US-12625704-B2 - Low power late-selected caches using a set-prediction history
Abstract
A method, computer program product, and computer system for reading data stored in a set associative cache. A cache read instruction that did not read the cache after being previously launched is relaunched after an effective address (EA) of the instruction was ascertained. A hash of the ascertained EA (EAHash) and a class congruence class (CCC) is determined from the ascertained EA. A search is performed for a match of the EAHash and CCC of the ascertained EA to the EAHash and CCC, respectively, of an instruction whose EAHash, CCC, and set are stored in an instruction history stream. If the match is found, only read enables associated with the stored set of the match, which is a read enable of only one class of one address group in the cache, are activated. If the match is not found, all read enables of the one address group are activated.
Inventors
- David A. Hrusecky
- Wolfgang Penth
Assignees
- INTERNATIONAL BUSINESS MACHINES CORPORATION
Dates
- Publication Date
- 20260512
- Application Date
- 20240429
Claims (20)
- 1 . A computer-implemented method for reading data stored in a set associative cache, said method comprising: relaunching, by one or more processors of a computer system, a cache read instruction that did not read the set associative cache after being previously launched, wherein an effective address (EA) of the instruction was ascertained prior to said relaunching and after the instruction was previously launched, wherein the set associative cache comprises G address groups encompassing all of the cache's stored data, wherein each address group comprises S sets and C classes, wherein S mod C=0 and each class comprises S/C sets, wherein each class has a read enable, and wherein G is at least 1, S is at least 2, and C is at least 1; determining, by the one or more processors, a hash of the ascertained EA (EAHash) and a cache congruence class (CCC) from the ascertained EA; and searching, by the one or more processors, for a match of the EAHash and a CCC of the ascertained EA to an EAHash and a CCC, respectively, of an instruction whose EAHash, CCC, and set are stored in an instruction history stream, wherein if the match is found from said searching, then the stored set of the match is referred to as an inferred set which is indicative of a read enable of only one class of one address group, and the one or more processors activate only read enables associated with the inferred set which indicates the read enable of the only one class of the one address group in the cache; and wherein if the match is not found from said searching, then activating, by the one or more processors, all read enables of the one address group in the cache.
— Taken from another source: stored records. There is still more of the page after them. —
lemma Nf_derivative_numerator_neg:
  fixes k k1 k2 b b1 b2 c cm mu E :: real
  assumes "0 < b" "b < b1" "b1 < b2" "0 < c" "0 < cm" "0 < k2" "k2 < k1" "k1 < k"
    and "0 < E" "0 \<le> mu"
  shows "E * c * (b2 + cm) * (k1 * b - k * b1) + 2 * c\<^sup>2 * E * (k2 * b - k * b2) * mu
      + c ^ 3 * ((k2 * b - k * b2) * b2 + (k2 * b1 - k1 * b2) * (b2 + cm)) * mu\<^sup>2 < 0"
proof -
  have "k1 * b < k * b1" "k2 * b < k * b2" "k2 * b1 < k1 * b2"
    using assms by (simp_all add: mult_strict_mono)
  then have bracket: "(k2 * b - k * b2) * b2 + (k2 * b1 - k1 * b2) * (b2 + cm) < 0"
    using assms by (intro add_neg_neg mult_neg_pos) auto
  have "E * c * (b2 + cm) * (k1 * b - k * b1) < 0"
    using assms \<open>k1 * b < k * b1\<close> by (intro mult_pos_neg) auto
  moreover have "2 * c\<^sup>2 * E * (k2 * b - k * b2) * mu \<le> 0"
    by (rule mult_nonpos_nonneg[OF less_imp_le[OF mult_pos_neg]])
       (use assms \<open>k2 * b < k * b2\<close> in auto)
  moreover have "c ^ 3 * ((k2 * b - k * b2) * b2 + (k2 * b1 - k1 * b2) * (b2 + cm)) * mu\<^sup>2 \<le> 0"
    by (rule mult_nonpos_nonneg[OF less_imp_le[OF mult_pos_neg]]) (use assms bracket in auto)
  ultimately show ?thesis by linarith
qed

lemma Nf_has_negative_derivative:
  fixes k k1 k2 b b1 b2 c cm mu :: real
  assumes "0 < b" "b < b1" "b1 < b2" "0 < c" "0 < cm" "0 < k2" "k2 < k1" "k1 < k" "0 \<le> mu"
  obtains D where "(Nf k k1 k2 b b1 b2 c cm has_real_derivative D) (at mu)" "D < 0"
proof -
  have "0 < Dlt b b1 b2 c cm mu" "0 < e1 b b1 b2 c cm"
    using assms Dlt_pos[of b b1 b2 c cm mu] by (auto simp: e1_def intro!: add_pos_pos)
  then show ?thesis
    by (intro that[OF Nf_has_real_derivative])
       (use assms Nf_derivative_numerator_neg in \<open>auto intro!: divide_neg_pos\<close>)
qed

lemma Ns_has_negative_derivative:
  assumes "admissible p" "0 \<le> mu"
  obtains D where "(Ns p has_real_derivative D) (at mu)" "D < 0"
  using assms
    Nf_has_negative_derivative[of "bs p" "bs1 p" "bs2 p" "cs p" "cms p" "ks2 p" "ks1 p" "ks p" mu]
  unfolding admissible_def Ns_def[abs_def] by auto

lemma Nz_has_negative_derivative:
  assumes "admissible p" "0 \<le> mu"
  obtains D where "(Nz p has_real_derivative D) (at mu)" "D < 0"
  using assms
    Nf_has_negative_derivative[of "bz p" "bz1 p" "bz2 p" "cz p" "cmz p" "kz2 p" "kz1 p" "kz p" mu]
  unfolding admissible_def Nz_def[abs_def] by auto

lemma Nz_pos:
  assumes "admissible p" "0 \<le> mu"
  shows "0 < Nz p mu"
  using assms unfolding admissible_def Nz_def by (auto intro!: Nf_pos)

lemma square_plus_pos: "0 < (a::real) \<Longrightarrow> 0 < t\<^sup>2 + a"
  by (simp add: add_nonneg_pos)

lemma has_real_derivative_inverse_square_plus:
  fixes a t :: real
  assumes "0 < a"
  shows "((\<lambda>t. 1 / (t\<^sup>2 + a)) has_real_derivative - (2 * t / (t\<^sup>2 + a)\<^sup>2)) (at t)"
proof -
  have "t\<^sup>2 + a \<noteq> 0" using square_plus_pos[OF assms, of t] by simp
  then show ?thesis by (auto intro!: derivative_eq_intros simp: power2_eq_square)
qed

lemma has_real_derivative_square_saturation:
  fixes a t :: real
  assumes "0 < a"
  shows "((\<lambda>t. t\<^sup>2 / (t\<^sup>2 + a)) has_real_derivative 2 * a * t / (t\<^sup>2 + a)\<^sup>2) (at t)"
proof -
  have "t\<^sup>2 + a \<noteq> 0" using square_plus_pos[OF assms, of t] by simp
  then show ?thesis by (auto intro!: derivative_eq_intros simp: power2_eq_square algebra_simps)
qed

lemma jac_eq_affine:
  assumes "\<And>t. Gc p i (x(j := t)) = C * h t + d"
    and "(h has_real_derivative D) (at (x j))"
  shows "jac p x i j = C * D"
proof -
  have "((\<lambda>t. Gc p i (x(j := t))) has_real_derivative C * D) (at (x j))"
    unfolding assms(1) by (auto intro!: derivative_eq_intros assms(2))
  then show ?thesis unfolding jac_def by (rule DERIV_imp_deriv)
qed

lemma Gc_partial_differentiable:
  assumes "admissible p" and "0 \<le> x 1" "0 \<le> x 3"
  shows "(\<lambda>t. Gc p i (x(j := t))) differentiable (at (x j))"
proof -
  have "Ns p differentiable (at (x 1))" "Nz p differentiable (at (x 3))"
    using Ns_has_negative_derivative[OF assms(1,2)] Nz_has_negative_derivative[OF assms(1,3)]
    by (metis real_differentiable_def)+
  moreover have "t\<^sup>2 + As p \<noteq> 0" "t\<^sup>2 + Az p \<noteq> 0" for t
    using assms(1) square_plus_pos unfolding admissible_def by (metis less_irrefl)+
  ultimately show ?thesis
    unfolding Gc_def Let_def
    by (cases "i \<in> {1, 2, 3, 4}"; cases "j \<in> {1, 2, 3, 4}"; auto intro!: derivative_intros)
qed

lemma jac_structural_zeros:
  "jac p x 1 3 = 0" "jac p x 2 3 = 0" "jac p x 2 4 = 0" "jac p x 3 1 = 0" "jac p x 4 1 = 0"
  by (simp_all add: jac_def Gc_def)

lemma jac_repression_entries_neg:
  assumes "admissible p" and "0 < x 2" "0 < x 4"
  shows "jac p x 1 2 < 0" "jac p x 1 4 < 0" "jac p x 3 2 < 0" "jac p x 3 4 < 0"
proof -
  have neg: "K / (w\<^sup>2 + B) * - (2 * v / (v\<^sup>2 + A)\<^sup>2) < 0"
    if "0 < K" "0 < A" "0 < B" "0 < v" for K A B v w :: real
    using that square_plus_pos[of A v] square_plus_pos[of B w]
    by (intro mult_pos_neg divide_pos_pos) auto
  have A: "0 < As p" "0 < Az p"
    "0 < b34 p * E34 p * As p * Az p" "0 < b200 p * E200 p * As p * Az p"
    using assms(1) by (simp_all add: admissible_def)
  have "jac p x 1 2 = b34 p * E34 p * As p * Az p / ((x 4)\<^sup>2 + Az p)
      * - (2 * x 2 / ((x 2)\<^sup>2 + As p)\<^sup>2)"
    by (rule jac_eq_affine[where h = "\<lambda>t. 1 / (t\<^sup>2 + As p)" and d = "- bm34 p * x 1"])
       (simp_all add: Gc_def has_real_derivative_inverse_square_plus A)
  moreover have "jac p x 3 2 = b200 p * E200 p * As p * Az p / ((x 4)\<^sup>2 + Az p)
      * - (2 * x 2 / ((x 2)\<^sup>2 + As p)\<^sup>2)"
    by (rule jac_eq_affine[where h = "\<lambda>t. 1 / (t\<^sup>2 + As p)" and d = "- bm200 p * x 3"])
       (simp_all add: Gc_def has_real_derivative_inverse_square_plus A)
  moreover have "jac p x 1 4 = b34 p * E34 p * As p * Az p / ((x 2)\<^sup>2 + As p)
      * - (2 * x 4 / ((x 4)\<^sup>2 + Az p)\<^sup>2)"
    by (rule jac_eq_affine[where h = "\<lambda>t. 1 / (t\<^sup>2 + Az p)" and d = "- bm34 p * x 1"])
       (simp_all add: Gc_def has_real_derivative_inverse_square_plus A mult.commute)
  moreover have "jac p x 3 4 = b200 p * E200 p * As p * Az p / ((x 2)\<^sup>2 + As p)
      * - (2 * x 4 / ((x 4)\<^sup>2 + Az p)\<^sup>2)"
    by (rule jac_eq_affine[where h = "\<lambda>t. 1 / (t\<^sup>2 + Az p)" and d = "- bm200 p * x 3"])
       (simp_all add: Gc_def has_real_derivative_inverse_square_plus A mult.commute)
  ultimately show "jac p x 1 2 < 0" "jac p x 1 4 < 0" "jac p x 3 2 < 0" "jac p x 3 4 < 0"
    using assms(2,3) A neg by simp_all
qed

lemma jac_2_1_neg:
  assumes "admissible p" and "0 \<le> x 1"
  shows "jac p x 2 1 < 0"
proof -
  obtain D where D: "(Ns p has_real_derivative D) (at (x 1))" "D < 0"
    using Ns_has_negative_derivative assms by blast
  have "jac p x 2 1 = gs p * ES p * As p / ((x 2)\<^sup>2 + As p) * D"
    by (rule jac_eq_affine[where x = x and j = 1 and h = "Ns p" and d = "- kms p * x 2",
          OF _ D(1)])
       (simp add: Gc_def Let_def)
  moreover have "0 < gs p * ES p * As p / ((x 2)\<^sup>2 + As p)"
    using assms(1) square_plus_pos[of "As p" "x 2"] by (simp add: admissible_def)
  ultimately show ?thesis using D(2) by (metis mult_pos_neg)
qed

lemma jac_4_3_neg:
  assumes "admissible p" and "0 < x 2" "0 \<le> x 3" "0 < x 4"
  shows "jac p x 4 3 < 0"
proof -
  obtain D where D: "(Nz p has_real_derivative D) (at (x 3))" "D < 0"
    using Nz_has_negative_derivative assms by blast
  have "jac p x 4 3
      = gz p * EZ p * (x 2)\<^sup>2 * (x 4)\<^sup>2 / (((x 2)\<^sup>2 + As p) * ((x 4)\<^sup>2 + Az p)) * D"
    by (rule jac_eq_affine[where x = x and j = 3 and h = "Nz p" and d = "dz p - kmz p * x 4",
          OF _ D(1)])
       (simp add: Gc_def Let_def)
  moreover have "0 < gz p * EZ p * (x 2)\<^sup>2 * (x 4)\<^sup>2 / (((x 2)\<^sup>2 + As p) * ((x 4)\<^sup>2 + Az p))"
    using assms square_plus_pos[of "As p" "x 2"] square_plus_pos[of "Az p" "x 4"]
    by (simp add: admissible_def)
  ultimately show ?thesis using D(2) by (metis mult_pos_neg)
qed

lemma jac_4_2_pos:
  assumes "admissible p" and "0 < x 2" "0 \<le> x 3" "0 < x 4"
  shows "jac p x 4 2 > 0"
proof -
  let ?C = "gz p * EZ p * (x 4)\<^sup>2 / ((x 4)\<^sup>2 + Az p) * Nz p (x 3)"
  have "jac p x 4 2 = ?C * (2 * As p * x 2 / ((x 2)\<^sup>2 + As p)\<^sup>2)"
  proof (rule jac_eq_affine[where d = "dz p - kmz p * x 4",
        OF _ has_real_derivative_square_saturation])
    show "0 < As p" using assms(1) by (simp add: admissible_def)
  qed (simp add: Gc_def Let_def divide_inverse mult_ac)
  moreover have "0 < ?C" "0 < 2 * As p * x 2 / ((x 2)\<^sup>2 + As p)\<^sup>2"
    using assms Nz_pos[of p "x 3"] square_plus_pos[of "As p" "x 2"]
      square_plus_pos[of "Az p" "x 4"]
    by (simp_all add: admissible_def)
  ultimately show ?thesis by (metis mult_pos_pos)
qed

lemma reducible_mat_closed_subset:
  assumes "reducible_mat n M"
  obtains S where "S \<subseteq> {1..n}" "S \<noteq> {}" "S \<noteq> {1..n}"
    and "\<And>a b. a \<in> {1..n} \<Longrightarrow> a \<notin> S \<Longrightarrow> b \<in> S \<Longrightarrow> M a b = 0"
proof -
  obtain \<pi> k where \<pi>: "\<pi> permutes {1..n}" and k: "1 \<le> k" "k < n"
    and zero: "\<And>i j. k < i \<Longrightarrow> i \<le> n \<Longrightarrow> 1 \<le> j \<Longrightarrow> j \<le> k \<Longrightarrow> M (\<pi> i) (\<pi> j) = 0"
    using assms unfolding reducible_mat_def by blast
  show ?thesis
  proof (rule that[of "\<pi> ` {1..k}"])
    have "{1..k} \<subseteq> {1..n}" using k by simp
    then show "\<pi> ` {1..k} \<subseteq> {1..n}"
      using permutes_image[OF \<pi>] by (metis image_mono)
    show "\<pi> ` {1..k} \<noteq> {}" using k by simp
    have "\<pi> n \<in> {1..n}" using k permutes_in_image[OF \<pi>, of n] by simp
    moreover have "\<pi> n \<notin> \<pi> ` {1..k}"
      using k by (simp add: inj_image_mem_iff[OF permutes_inj[OF \<pi>]])
    ultimately show "\<pi> ` {1..k} \<noteq> {1..n}" by blast
    fix a b assume a: "a \<in> {1..n}" "a \<notin> \<pi> ` {1..k}" and "b \<in> \<pi> ` {1..k}"
    then obtain j where j: "j \<in> {1..k}" "b = \<pi> j" by blast
    from a(1) obtain i where i: "i \<in> {1..n}" "a = \<pi> i"
      using permutes_image[OF \<pi>] by blast
    with a(2) have "k < i" by force
    then show "M a b = 0" using zero i j by simp
  qed
qed

lemma irreducible_matI:
  assumes "\<And>S. S \<subseteq> {1..n} \<Longrightarrow> S \<noteq> {} \<Longrightarrow>
      (\<And>a b. a \<in> {1..n} \<Longrightarrow> b \<in> S \<Longrightarrow> M a b \<noteq> 0 \<Longrightarrow> a \<in> S) \<Longrightarrow> S = {1..n}"
  shows "irreducible_mat n M"
  unfolding irreducible_mat_def
proof
  assume "reducible_mat n M"
  then obtain S where "S \<subseteq> {1..n}" "S \<noteq> {}" "S \<noteq> {1..n}"
    and "\<And>a b. a \<in> {1..n} \<Longrightarrow> a \<notin> S \<Longrightarrow> b \<in> S \<Longrightarrow> M a b = 0"
    using reducible_mat_closed_subset by blast
  then show False using assms[of S] by blast
qed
- 2 . The method of claim 1 , wherein C is at least 2, wherein the match is found from the search, and wherein said activating only read enables associated with the inferred set comprises: inferring a class associated with the inferred set; address decoding the relaunched instruction to determine the G address groups; logically combining the inferred class and the classes of the determined G address groups to identify the one class of the one address group in the cache; and activating the read enable of only the one class of the one address group in the cache.
- 3 . The method of claim 2 , wherein said logically combining is implemented via use of multiple AND gates comprising one AND gate for each class of each address group.
- 4 . The method of claim 1 , wherein each class of each address group includes at least one SRAM having global bit lines, wherein each class of each address group includes at least 2 subclasses, and wherein the method further comprises prior to execution of a read of the cache at the inferred set: identifying, by the one or more processors, a subclass of the one class of the one address group such that the subclass includes the inferred set; and precharging, by the one or more processors, only global bit lines associated with the identified subclass.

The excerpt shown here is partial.